Primary cardiac lymphoma in immunocompetent patients is an uncommon malignancy, accounting for 1.3% of primary cardiac tumours and 0.5% of extranodal lymphomas.19 In a literature review of 40 patients, presenting symptoms included dyspnoea, oedema, arrhythmia and pericardial effusion. Tumours were found in the following locations, listed in order of frequency: right atrium, pericardium, right ventricle, left atrium, left ventricle, and other sites. Ante-mortem diagnosis was obtained in only 37 of the 40 patients.

Cardiac lymphomas comprise <5% of all lymphomas arising in patients with AIDS and organ transplants, and location of the tumour in the donor heart is the exception rather than the rule in heart transplant patients.

Lymphomas manifest as an ill-defined, infiltrative mass, in which case they are typically best depicted with MRI because of its superior soft tissue contrast.7 Atrial location is typical, with infiltration of atrial or ventricular walls. Lymphomas may have high or low signal on MRI, may have similar attenuation as muscle or lower attenuation than muscle on CT, and may show increased or decreased contrast enhancement. In addition to echocardiography, MRI and CT, nuclear medicine techniques may be useful procedures for the non-invasive assessment of cardiac lymphomas.

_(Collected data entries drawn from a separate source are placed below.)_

definition category :: "('o,'m) cat \<Rightarrow> bool" where
  "category C \<longleftrightarrow>
     (\<forall>f\<in>Mor C. Dom C f \<in> Obj C \<and> Cod C f \<in> Obj C) \<and>
     (\<forall>A\<in>Obj C. Idm C A \<in> Mor C \<and> Dom C (Idm C A) = A \<and> Cod C (Idm C A) = A) \<and>
     (\<forall>f\<in>Mor C. \<forall>g\<in>Mor C. Cod C f = Dom C g \<longrightarrow>
        Cmp C g f \<in> Mor C \<and> Dom C (Cmp C g f) = Dom C f \<and> Cod C (Cmp C g f) = Cod C g) \<and>
     (\<forall>f\<in>Mor C. Cmp C (Idm C (Cod C f)) f = f \<and> Cmp C f (Idm C (Dom C f)) = f) \<and>
     (\<forall>f\<in>Mor C. \<forall>g\<in>Mor C. \<forall>h\<in>Mor C. Cod C f = Dom C g \<longrightarrow> Cod C g = Dom C h \<longrightarrow>
        Cmp C h (Cmp C g f) = Cmp C (Cmp C h g) f)"

definition "functor" :: "('o1,'m1) cat \<Rightarrow> ('o2,'m2) cat \<Rightarrow> ('o1 \<Rightarrow> 'o2) \<Rightarrow> ('m1 \<Rightarrow> 'm2) \<Rightarrow> bool" where
  "functor C D Fo Fm \<longleftrightarrow> category C \<and> category D \<and>
     (\<forall>A\<in>Obj C. Fo A \<in> Obj D) \<and>
     (\<forall>f\<in>Mor C. Fm f \<in> Mor D \<and> Dom D (Fm f) = Fo (Dom C f) \<and> Cod D (Fm f) = Fo (Cod C f)) \<and>
     (\<forall>A\<in>Obj C. Fm (Idm C A) = Idm D (Fo A)) \<and>
     (\<forall>f\<in>Mor C. \<forall>g\<in>Mor C. Cod C f = Dom C g \<longrightarrow> Fm (Cmp C g f) = Cmp D (Fm g) (Fm f))"

definition is_identity :: "('o,'m) cat \<Rightarrow> 'm \<Rightarrow> bool" where
  "is_identity C f \<longleftrightarrow> f = Idm C (Dom C f)"

text \<open>The finite ordinal n = {0 < 1 < ... < n-1}, a unique morphism (i,j) for i \<le> j.\<close>

definition ord_cat :: "nat \<Rightarrow> (nat, nat \<times> nat) cat" where
  "ord_cat n = \<lparr> Obj = {..<n}, Mor = {(i,j). i \<le> j \<and> j < n}, Dom = fst, Cod = snd,
                 Idm = (\<lambda>i. (i,i)), Cmp = (\<lambda>g f. (fst f, snd g)) \<rparr>"

definition nested_graph :: "('o,'m) cat \<Rightarrow> bool" where
  "nested_graph N \<longleftrightarrow> category N \<and>
     (\<exists>n Go Gm. functor N (ord_cat n) Go Gm \<and>
        (\<forall>f\<in>Mor N. \<not> is_identity N f \<longrightarrow> \<not> is_identity (ord_cat n) (Gm f)))"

Cardiac lymphomas span the spectrum of B cell proliferations, and include follicular centre cell lymphomas, immunoblastic lymphomas, diffuse large cell lymphomas, and Burkitt lymphoma. Unlike other heart tumours, treatment is not primarily surgical, but includes anthracycline-based chemotherapy, and anti-CD20 treatment. Chemotherapy has been used alone or combined with radiotherapy. Palliative surgery has been performed, mainly for tumour debulking. Multimodality treatment may include autologous stem cell transplantation.

Metastatic cardiac tumours

In a series of 133 surgically resected cardiac tumours, 14% were metastases.20 Surgically resected lesions are usually right sided, and represent either cavoatrial extensions from abdominal tumours, such as renal cell carcinomas or hepatocellular carcinomas, or haematogenous metastases, that may present months or years after initial tumour excision. Intracardiac masses are often unusual tumours, such as sarcomas and melanomas or germ cell tumours. Occasionally, metastases of slow growing sarcomas may present years after initial presentation and resection of the primary tumour.